All GLP-1 medications from licensed 503A compounding pharmacies Browse Products

Originally posted by @savewithjesnicole on TikTok · 47s|Watch on TikTok
Full video transcriptClick to expand

Auto-generated transcript of @savewithjesnicole's video. Quoted here for educational fact-check commentary; original creator retains all rights to the video content.

  1. 0:00Okay, let's talk about the order you should apply your morning skin care for anti-aging.
  2. 0:04First, you'll want to start out with a gentle cleanser.
  3. 0:05Next, you'll want to apply a toner or essence if you plan on wear and makeup or you have
  4. 0:08a really dry skin.
  5. 0:09Though this step is optional, it helps your skin to stay hydrated and it keeps your makeup
  6. 0:13from getting cakey.
  7. 0:14No, you don't have to use all three of these, but they're just really good options to choose
  8. 0:17from.
  9. 0:18Next, and super important, is a vitamin C serum.
  10. 0:20Next, if you have super dry skin and need added moisture, you can add a hydrating serum
  11. 0:23here like hyaluronic acid, which is great.
  12. 0:25And now, if you have dry skin, you'll add a moisturizer.
  13. 0:28If you don't, you can skip this step, especially if your SPF acts as a moisturizer.
  14. 0:32Then would come an eye cream.
  15. 0:33This step is also optional, but can be good for those who have dark circles or puffiness
  16. 0:36or want a smoother under eye concealer application.
  17. 0:39And finally, the most important step is SPF.
  18. 0:41This is hands down the most important ingredient to use for anti-aging.
  19. 0:44See my caption for even more super helpful info.

GHK-Cu in dollar store skincare: what the science says

savewithjesnicole

TikTok creator

5.6K viewsWatch on TikTok

Quick answer

This video presents a topical skincare routine focused on anti-aging, covering evidence-based ingredients like vitamin C and SPF alongside optional steps such as toner and eye cream. No peptide-based or prescription-grade interventions were discussed, and all recommendations stayed within the domain of cosmetic skincare. The advice is generally aligned with dermatological consensus on ingredient layering, though the efficacy of individual products will depend heavily on formulation quality, which is not addressed.

Video review standard

Clinical fact-check snapshot

FormBlends treats social health videos as a starting point, then checks the claim against medical context, source quality, safety limits, and whether licensed provider review belongs in the next step.

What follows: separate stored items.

(* Let $\rho$ be a quantum state on $L^2(\mathbb{R}^n)$ and let $\chi\in\mathcal{S}(\mathbb{R}^n)$ with $\|\chi\|_{L^2}=1$. If the matrix element $M_\rho:\mathbb{R}^{4n}\to\mathbb{C}$ is rapidly decaying, then $M_\rho$ is a Schwartz function on $\mathbb{R}^{4n}$.
   Context: A quantum state is a positive semidefinite trace-class operator $\rho$ on $L^2(\mathbb{R}^n)$. For $\xi=(\xi_x,\xi_p)\in\mathbb{R}^{2n}$, $(D_\xi\phi)(y)=e^{i(y-\xi_x/2)\cdot\xi_p}\phi(y-\xi_x)$; $\chi_\alpha:=D_\alpha\chi$; $M_\rho(\alpha,\beta):=\langle\chi_\alpha|\rho|\chi_\beta\rangle=\int\overline{\chi_\alpha(x)}(\rho\chi_\beta)(x)dx$ for $\alpha,\beta\in\mathbb{R}^{2n}$. For $F:\mathbb{R}^m\to\mathbb{C}$, $|F|_{a,b}:=\sup_z|z^a\partial_z^bF(z)|$; $F$ is rapidly decaying if $|F|_{a,0}<\infty$ for all multi-indices $a$, and Schwartz if $|F|_{a,b}<\infty$ for all $a,b$. *)

theory Defs
  imports "HOL-Analysis.Analysis"
begin

text \<open>Monomial z^a for a multi-index a (only its values on the standard Basis matter).\<close>
definition monomial :: "('a::euclidean_space \<Rightarrow> nat) \<Rightarrow> 'a \<Rightarrow> real" where
  "monomial a z = (\<Prod>b\<in>Basis. (z \<bullet> b) ^ a b)"

fun iter_partial :: "'a::euclidean_space list \<Rightarrow> ('a \<Rightarrow> complex) \<Rightarrow> 'a \<Rightarrow> complex" where
  "iter_partial [] F = F"
| "iter_partial (v # vs) F = (\<lambda>z. frechet_derivative (iter_partial vs F) (at z) v)"

definition rapidly_decaying :: "('a::euclidean_space \<Rightarrow> complex) \<Rightarrow> bool" where
  "rapidly_decaying F \<longleftrightarrow>
     (\<forall>a. \<exists>C. \<forall>z. norm (complex_of_real (monomial a z) * F z) \<le> C)"

definition schwartz :: "('a::euclidean_space \<Rightarrow> complex) \<Rightarrow> bool" where
  "schwartz F \<longleftrightarrow>
     (\<forall>vs. set vs \<subseteq> Basis \<longrightarrow> (\<forall>z. iter_partial vs F differentiable (at z))) \<and>
     (\<forall>a vs. set vs \<subseteq> Basis \<longrightarrow>
        (\<exists>C. \<forall>z. norm (complex_of_real (monomial a z) * iter_partial vs F z) \<le> C))"

text \<open>Square-integrable (Borel measurable) functions R^n \<rightarrow> C; elements of L^2 are
  represented by such functions, identified up to a.e. equality.\<close>
definition sq_int :: "(real^'n \<Rightarrow> complex) \<Rightarrow> bool" where
  "sq_int f \<longleftrightarrow> f \<in> borel_measurable lborel \<and> integrable lborel (\<lambda>x. (norm (f x))\<^sup>2)"

definition l2_inner :: "(real^'n \<Rightarrow> complex) \<Rightarrow> (real^'n \<Rightarrow> complex) \<Rightarrow> complex" where
  "l2_inner f g = (LINT x|lborel. cnj (f x) * g x)"

definition l2_norm :: "(real^'n \<Rightarrow> complex) \<Rightarrow> real" where
  "l2_norm f = sqrt (LINT x|lborel. (norm (f x))\<^sup>2)"

definition l2_bounded_operator :: "((real^'n \<Rightarrow> complex) \<Rightarrow> (real^'n \<Rightarrow> complex)) \<Rightarrow> bool" where
  "l2_bounded_operator T \<longleftrightarrow>
     (\<forall>f. sq_int f \<longrightarrow> sq_int (T f)) \<and>
     (\<forall>f g. sq_int f \<longrightarrow> sq_int g \<longrightarrow>
         (AE x in lborel. T (\<lambda>y. f y + g y) x = T f x + T g x)) \<and>
     (\<forall>c f. sq_int f \<longrightarrow> (AE x in lborel. T (\<lambda>y. c * f y) x = c * T f x)) \<and>
     (\<exists>C. \<forall>f. sq_int f \<longrightarrow> l2_norm (T f) \<le> C * l2_norm f)"

definition l2_positive :: "((real^'n \<Rightarrow> complex) \<Rightarrow> (real^'n \<Rightarrow> complex)) \<Rightarrow> bool" where
  "l2_positive T \<longleftrightarrow>
     (\<forall>f. sq_int f \<longrightarrow> Im (l2_inner f (T f)) = 0 \<and> Re (l2_inner f (T f)) \<ge> 0)"

text \<open>Orthonormal basis of L^2(R^n) (countable, since L^2(R^n) is separable and infinite-dimensional).\<close>
definition l2_onb :: "(nat \<Rightarrow> (real^'n \<Rightarrow> complex)) \<Rightarrow> bool" where
  "l2_onb e \<longleftrightarrow>
     (\<forall>k. sq_int (e k)) \<and>
     (\<forall>i j. l2_inner (e i) (e j) = (if i = j then 1 else 0)) \<and>
     (\<forall>f. sq_int f \<longrightarrow> (\<forall>k. l2_inner (e k) f = 0) \<longrightarrow> (AE x in lborel. f x = 0))"

definition l2_positive_trace_class :: "((real^'n \<Rightarrow> complex) \<Rightarrow> (real^'n \<Rightarrow> complex)) \<Rightarrow> bool" where
  "l2_positive_trace_class T \<longleftrightarrow>
     l2_bounded_operator T \<and> l2_positive T \<and>
     (\<exists>e. l2_onb e \<and> summable (\<lambda>k. Re (l2_inner (e k) (T (e k)))))"

definition quantum_state :: "((real^'n \<Rightarrow> complex) \<Rightarrow> (real^'n \<Rightarrow> complex)) \<Rightarrow> bool" where
  "quantum_state \<rho> \<longleftrightarrow> l2_positive_trace_class \<rho>"

definition displace :: "(real^'n) \<times> (real^'n) \<Rightarrow> (real^'n \<Rightarrow> complex) \<Rightarrow> real^'n \<Rightarrow> complex" where
  "displace \<xi> \<phi> y =
     exp (\<i> * complex_of_real ((y - (1/2) *\<^sub>R fst \<xi>) \<bullet> snd \<xi>)) * \<phi> (y - fst \<xi>)"

text \<open>M_\<rho>(\<alpha>,\<beta>) = <\<chi>_\<alpha> | \<rho> | \<chi>_\<beta>>, a function on R^{4n} = (R^n \<times> R^n) \<times> (R^n \<times> R^n).\<close>
definition matrix_elem ::
  "((real^'n \<Rightarrow> complex) \<Rightarrow> (real^'n \<Rightarrow> complex)) \<Rightarrow> (real^'n \<Rightarrow> complex)
    \<Rightarrow> ((real^'n) \<times> (real^'n)) \<times> ((real^'n) \<times> (real^'n)) \<Rightarrow> complex" where
  "matrix_elem \<rho> chi = (\<lambda>(\<alpha>, \<beta>). l2_inner (displace \<alpha> chi) (\<rho> (displace \<beta> chi)))"

end

theory Submission
  imports Defs "HOL-Probability.Sinc_Integral" "HOL-Probability.Characteristic_Functions"
begin

section \<open>Polynomial weights and rapid decay\<close>

definition poly_weight :: "nat \<Rightarrow> 'a::real_normed_vector \<Rightarrow> real" where
  "poly_weight N y = inverse ((1 + norm y) ^ N)"

definition rapid_decay :: "('a::real_normed_vector \<Rightarrow> 'b::real_normed_vector) \<Rightarrow> bool" where
  "rapid_decay F \<longleftrightarrow> (\<forall>N. \<exists>C. \<forall>z. norm (F z) \<le> C * poly_weight N z)"

definition poly_bounded :: "('a::real_normed_vector \<Rightarrow> 'b::real_normed_vector) \<Rightarrow> bool" where
  "poly_bounded F \<longleftrightarrow> (\<exists>C N. \<forall>z. norm (F z) \<le> C * (1 + norm z) ^ N)"

lemma poly_weight_pos: "0 < poly_weight N y"
  by (simp add: poly_weight_def add_pos_nonneg)

lemma poly_weight_nonneg: "0 \<le> poly_weight N y"
  using poly_weight_pos[of N y] by simp

lemma poly_weight_le_1: "poly_weight N y \<le> 1"
  unfolding poly_weight_def using le_imp_inverse_le[of 1 "(1 + norm y) ^ N"] by simp

lemma poly_weight_mult: "(1 + norm y) ^ k * poly_weight (k + N) y = poly_weight N y"
proof -
  have "1 + norm y > 0" by (simp add: add_pos_nonneg)
  then show ?thesis unfolding poly_weight_def by (simp add: power_add field_simps)
qed

lemma poly_weight_shift: "poly_weight N (y - s) \<le> (1 + norm s) ^ N * poly_weight N y"
proof -
  have pos: "1 + norm y > 0" "1 + norm (y - s) > 0" "1 + norm s > 0" by (auto simp: add_pos_nonneg)
  have "norm y \<le> norm (y - s) + norm s" by (metis norm_triangle_sub add.commute)
  then have "1 + norm y \<le> (1 + norm (y - s)) * (1 + norm s)"
    by (simp add: algebra_simps) (smt (verit) mult_nonneg_nonneg norm_ge_zero)
  then have "(1 + norm y) ^ N \<le> (1 + norm (y - s)) ^ N * (1 + norm s) ^ N"
    unfolding power_mult_distrib[symmetric] using pos by (intro power_mono) auto
  then show ?thesis using pos unfolding poly_weight_def by (simp add: field_simps)
qed

lemma poly_weight_shift_le_1:
  assumes "norm s \<le> 1"
  shows "poly_weight N (y - s) \<le> 2 ^ N * poly_weight N y"
proof -
  have "(1 + norm s) ^ N \<le> 2 ^ N" using assms by (intro power_mono) auto
  then show ?thesis
    using poly_weight_shift[of N y s] poly_weight_nonneg[of N y] by (meson mult_right_mono order_trans)
qed

lemma poly_weight_continuous: "continuous_on UNIV (poly_weight N :: 'a::real_normed_vector \<Rightarrow> real)"
proof -
  have "\<And>y::'a. 1 + norm y \<noteq> 0" by (metis add_pos_nonneg norm_ge_zero zero_less_one less_irrefl)
  then show ?thesis unfolding poly_weight_def by (intro continuous_intros) auto
qed

lemma weighted_bound_nonneg: "(\<And>y. norm (f y) \<le> C * poly_weight N y) \<Longrightarrow> 0 \<le> C"
  by (metis norm_ge_zero order_trans poly_weight_pos zero_le_mult_iff not_le)

lemma poly_bound_nonneg: "(\<And>z. norm (f z) \<le> C * (1 + norm z) ^ N) \<Longrightarrow> 0 \<le> C"
  by (metis norm_ge_zero norm_zero add_0_right power_one mult_1_right order_trans)

lemma monomial_abs_le: "\<bar>monomial a (z::'a::euclidean_space)\<bar> \<le> (1 + norm z) ^ (\<Sum>b\<in>Basis. a b)"
proof -
  have "\<bar>monomial a z\<bar> = (\<Prod>b\<in>Basis. \<bar>z \<bullet> b\<bar> ^ a b)"
    by (simp add: monomial_def abs_prod power_abs)
  also have "\<dots> \<le> (\<Prod>b\<in>Basis. (1 + norm z) ^ a b)"
    by (intro prod_mono conjI power_mono) (auto simp: Basis_le_norm add_increasing)
  also have "\<dots> = (1 + norm z) ^ (\<Sum>b\<in>Basis. a b)"
    by (simp add: power_sum)
  finally show ?thesis .
qed

lemma monomial_single: "b \<in> Basis \<Longrightarrow> monomial (\<lambda>c. if c = b then N else 0) z = (z \<bullet> b) ^ N"
  unfolding monomial_def by (simp add: if_distrib cong: if_cong)

lemma one_plus_power_le: "(x::real) \<ge> 0 \<Longrightarrow> (1 + x) ^ N \<le> 2 ^ N * (1 + x ^ N)"
proof (cases "x \<le> 1")
  case True
  assume x: "x \<ge> 0"
  then have "(1 + x) ^ N \<le> 2 ^ N" using True by (intro power_mono) auto
  moreover have "(2::real) ^ N \<le> 2 ^ N * (1 + x ^ N)" using x by simp
  ultimately show ?thesis by linarith
next
  case False
  then have "(1 + x) ^ N \<le> (2 * x) ^ N" by (intro power_mono) auto
  moreover have "(2 * x) ^ N \<le> 2 ^ N * (1 + x ^ N)" using False by (simp add: power_mult_distrib)
  ultimately show ?thesis by linarith
qed

lemma norm_power_le_sum_coord_powers:
  "norm (z::'a::euclidean_space) ^ N \<le> real DIM('a) ^ N * (\<Sum>b\<in>Basis. \<bar>z \<bullet> b\<bar> ^ N)"
proof -
  obtain b0 where b0: "b0 \<in> Basis" "\<And>b. b \<in> Basis \<Longrightarrow> \<bar>z \<bullet> b\<bar> \<le> \<bar>z \<bullet> b0\<bar>"
    using Max_in[of "(\<lambda>b. \<bar>z \<bullet> b\<bar>) ` Basis"] Max_ge[of "(\<lambda>b. \<bar>z \<bullet> b\<bar>) ` Basis"] by fastforce
  have "norm z \<le> (\<Sum>b\<in>Basis. \<bar>z \<bullet> b\<bar>)" by (rule norm_le_l1)
  also have "\<dots> \<le> (\<Sum>b\<in>(Basis::'a set). \<bar>z \<bullet> b0\<bar>)" by (intro sum_mono b0)
  finally have "norm z ^ N \<le> (real DIM('a) * \<bar>z \<bullet> b0\<bar>) ^ N" by (intro power_mono) auto
  also have "\<dots> \<le> real DIM('a) ^ N * (\<Sum>b\<in>Basis. \<bar>z \<bullet> b\<bar> ^ N)"
    unfolding power_mult_distrib by (intro mult_left_mono member_le_sum) (auto simp: b0)
  finally show ?thesis .
qed

lemma rapid_decay_imp_monomial_bounded:
  fixes F :: "'a::euclidean_space \<Rightarrow> complex"
  assumes "rapid_decay F"
  shows "\<exists>C. \<forall>z. norm (complex_of_real (monomial a z) * F z) \<le> C"
proof -
  let ?N = "\<Sum>b\<in>Basis. a b"
  obtain C where C: "\<And>z. norm (F z) \<le> C * poly_weight ?N z"
    using assms unfolding rapid_decay_def by blast
  have "norm (complex_of_real (monomial a z) * F z) \<le> C" for z
  proof -
    have "norm (complex_of_real (monomial a z) * F z) = \<bar>monomial a z\<bar> * norm (F z)"
      by (simp add: norm_mult)
    also have "\<dots> \<le> (1 + norm z) ^ ?N * (C * poly_weight (?N + 0) z)"
      by (intro mult_mono monomial_abs_le) (use C in auto)
    also have "\<dots> = C * ((1 + norm z) ^ ?N * poly_weight (?N + 0) z)" by (simp only: mult_ac)
    also have "\<dots> = C" unfolding poly_weight_mult by (simp add: poly_weight_def)
    finally show ?thesis .
  qed
  then show ?thesis by blast
qed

Peptide social video fact-checksGHK-Cu (Copper Peptide)Provider discussion

Evidence signal

Source-backed review

Regulatory reality

GHK-Cu (Copper Peptide) access requires the right clinical path

Safety screen

Viral claims can miss contraindications, dose escalation, medication interactions, and quality-control risks.

This page currently connects to 5 source-backed evidence items through visible references or structured citation data.

PubMed evidence trail

Research sources used to frame this page

For GHK-Cu in dollar store skincare: what the science says, FormBlends checks the page topic against primary trials, systematic reviews, guidelines, and current PubMed-indexed literature where available. These citations are context, not medical advice, proof of eligibility, or a claim that every study applies to every patient.

Video claim decision path

Turn the claim into a safer next question

Direct answer

GHK-Cu (Copper Peptide) should be treated as a claim to verify, then compared with evidence, safety context, and a provider review path.

Evidence check

Social clips are useful prompts, but they rarely show the full evidence base, contraindications, or dosing context.

Safety check

A viral claim can miss patient-specific risks, medication interactions, legal access, and source quality.

Next step

If the claim matches your goal, use the get-started flow to move from curiosity into a supervised prescription review.

Claim path

Keep researching this ghk-cu video claims cluster

Best for searchers checking whether GHK-Cu beauty and recovery claims match the evidence base.

Page-specific review note

What this exact clip is really saying

This FormBlends review is specific to "GHK-Cu in dollar store skincare: what the science says" from savewithjesnicole. We read the clip as a Peptide social video fact-checks claim about GHK-Cu (Copper Peptide), then separate the useful signal from what a short social video cannot prove. The page-specific claim focus is: This video presents a topical skincare routine focused on anti-aging, covering evidence-based ingredients like vitamin C and SPF alongside optional steps such as toner and eye cream.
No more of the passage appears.